• [What to work on] Would you show every line from the records that holds "thesis"?

• [Records]
lemma aut_equivalent_iff_kappa_preimages:
  assumes \<phi>: "token_reconstruction k F G \<phi>" and \<psi>: "token_reconstruction k' F G \<psi>"
    and k: "0 < k" "k < card (verts G)" and k': "0 < k'" "k' < card (verts G)"
  shows "aut_equivalent F G \<phi> \<psi> \<longleftrightarrow>
         kappa_preimage F \<phi> ` verts G = kappa_preimage F \<psi> ` verts G"
proof
  assume "aut_equivalent F G \<phi> \<psi>"
  then obtain s where "graph_aut G s" and relabel: "\<forall>x\<in>verts F. \<psi> x = iota s (\<phi> x)"
    by (auto simp: aut_equivalent_def)
  then have s: "bij_betw s (verts G) (verts G)"
    by (simp add: graph_aut_def graph_iso_def)
  have "kappa_preimage F \<psi> (s u) = kappa_preimage F \<phi> u" if "u \<in> verts G" for u
    using relabel that iota_relates_iff_kappa_preimage[where \<phi> = \<phi> and \<psi> = \<psi>, OF s
        token_reconstruction_subset[OF \<phi>] token_reconstruction_subset[OF \<psi>]] by blast
  then have "kappa_preimage F \<psi> ` (s ` verts G) = kappa_preimage F \<phi> ` verts G"
    by (simp add: image_image)
  then show "kappa_preimage F \<phi> ` verts G = kappa_preimage F \<psi> ` verts G"
    using bij_betw_imp_surj_on[OF s] by simp
next
  assume "kappa_preimage F \<phi> ` verts G = kappa_preimage F \<psi> ` verts G"
  then obtain s where s: "bij_betw s (verts G) (verts G)"
    and "\<And>u. u \<in> verts G \<Longrightarrow> kappa_preimage F \<psi> (s u) = kappa_preimage F \<phi> u"
    using obtain_bij_betw_relabelling[OF inj_on_kappa_preimage[OF \<phi> k]
        inj_on_kappa_preimage[OF \<psi> k']] by blast
  then have "\<forall>x\<in>verts F. \<psi> x = iota s (\<phi> x)"
    using iota_relates_iff_kappa_preimage[where \<phi> = \<phi> and \<psi> = \<psi>, OF s
        token_reconstruction_subset[OF \<phi>] token_reconstruction_subset[OF \<psi>]] by blast
  moreover have "graph_aut G s"
    using graph_aut_if_iota_relates[OF \<phi> \<psi> k s] calculation .
  ultimately show "aut_equivalent F G \<phi> \<psi>"
    by (auto simp: aut_equivalent_def)
qed

theorem proposition13:
  fixes F :: "'a graph" and G :: "'b graph" and k :: nat
    and \<phi> \<psi> :: "'a \<Rightarrow> 'b set"
  assumes "graph F"
    and "token_reconstruction k F G \<phi>"
    and "token_reconstruction k F G \<psi>"
  shows "equivalent_recon F G \<phi> \<psi> \<longleftrightarrow>
           (R_fam k F G \<phi> = R_fam k F G \<psi> \<or> R_fam k F G \<phi> = compl_fam F (R_fam k F G \<psi>))"
proof -
  note \<phi> = assms(2) and \<psi> = assms(3)
  let ?P = "\<lambda>\<chi>. kappa_preimage F \<chi> ` verts G" and ?n = "card (verts G)"
  have equiv: "equivalent_recon F G \<phi> \<psi> \<longleftrightarrow>
      aut_equivalent F G \<phi> \<psi> \<or> aut_equivalent F G \<phi> (compl_set G \<circ> \<psi>)"
    using equivalent_recon_iff_aut_equivalent[where \<phi> = \<phi> and \<psi> = \<psi>,
        OF token_reconstruction_subset[OF \<phi>] token_reconstruction_subset[OF \<psi>]] .
  have R: "R_fam k F G \<phi> = ?P \<phi>" "R_fam k F G \<psi> = ?P \<psi>"
    "compl_fam F (R_fam k F G \<psi>) = ?P (compl_set G \<circ> \<psi>)"
    using R_fam_eq_image_kappa_preimage[OF \<phi>] R_fam_eq_image_kappa_preimage[OF \<psi>]
      compl_fam_image_kappa_preimage by simp_all
  show ?thesis
  proof (cases "0 < k \<and> k < ?n")
    case True
    then have k: "0 < k" "k < ?n" and k': "0 < ?n - k" "?n - k < ?n"
      by auto
    have \<psi>': "token_reconstruction (?n - k) F G (compl_set G \<circ> \<psi>)"
      using token_reconstruction_compl[OF \<psi>] k by simp
    show ?thesis
      using equiv R aut_equivalent_iff_kappa_preimages[OF \<phi> \<psi> k k]
        aut_equivalent_iff_kappa_preimages[OF \<phi> \<psi>' k k'] by simp
  next
    case False
    then have "\<And>x. x \<in> verts F \<Longrightarrow> \<psi> x = \<phi> x"
      using token_reconstructions_eq_if_trivial[OF \<phi> \<psi>] by blast
    then have "aut_equivalent F G \<phi> \<psi>" and "?P \<phi> = ?P \<psi>"
      by (auto simp: aut_equivalent_if_eq_on kappa_preimage_def)
    then show ?thesis
      using equiv R by simp
  qed
qed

• [Reply to the task]
  show ?thesis
    show ?thesis
    then show ?thesis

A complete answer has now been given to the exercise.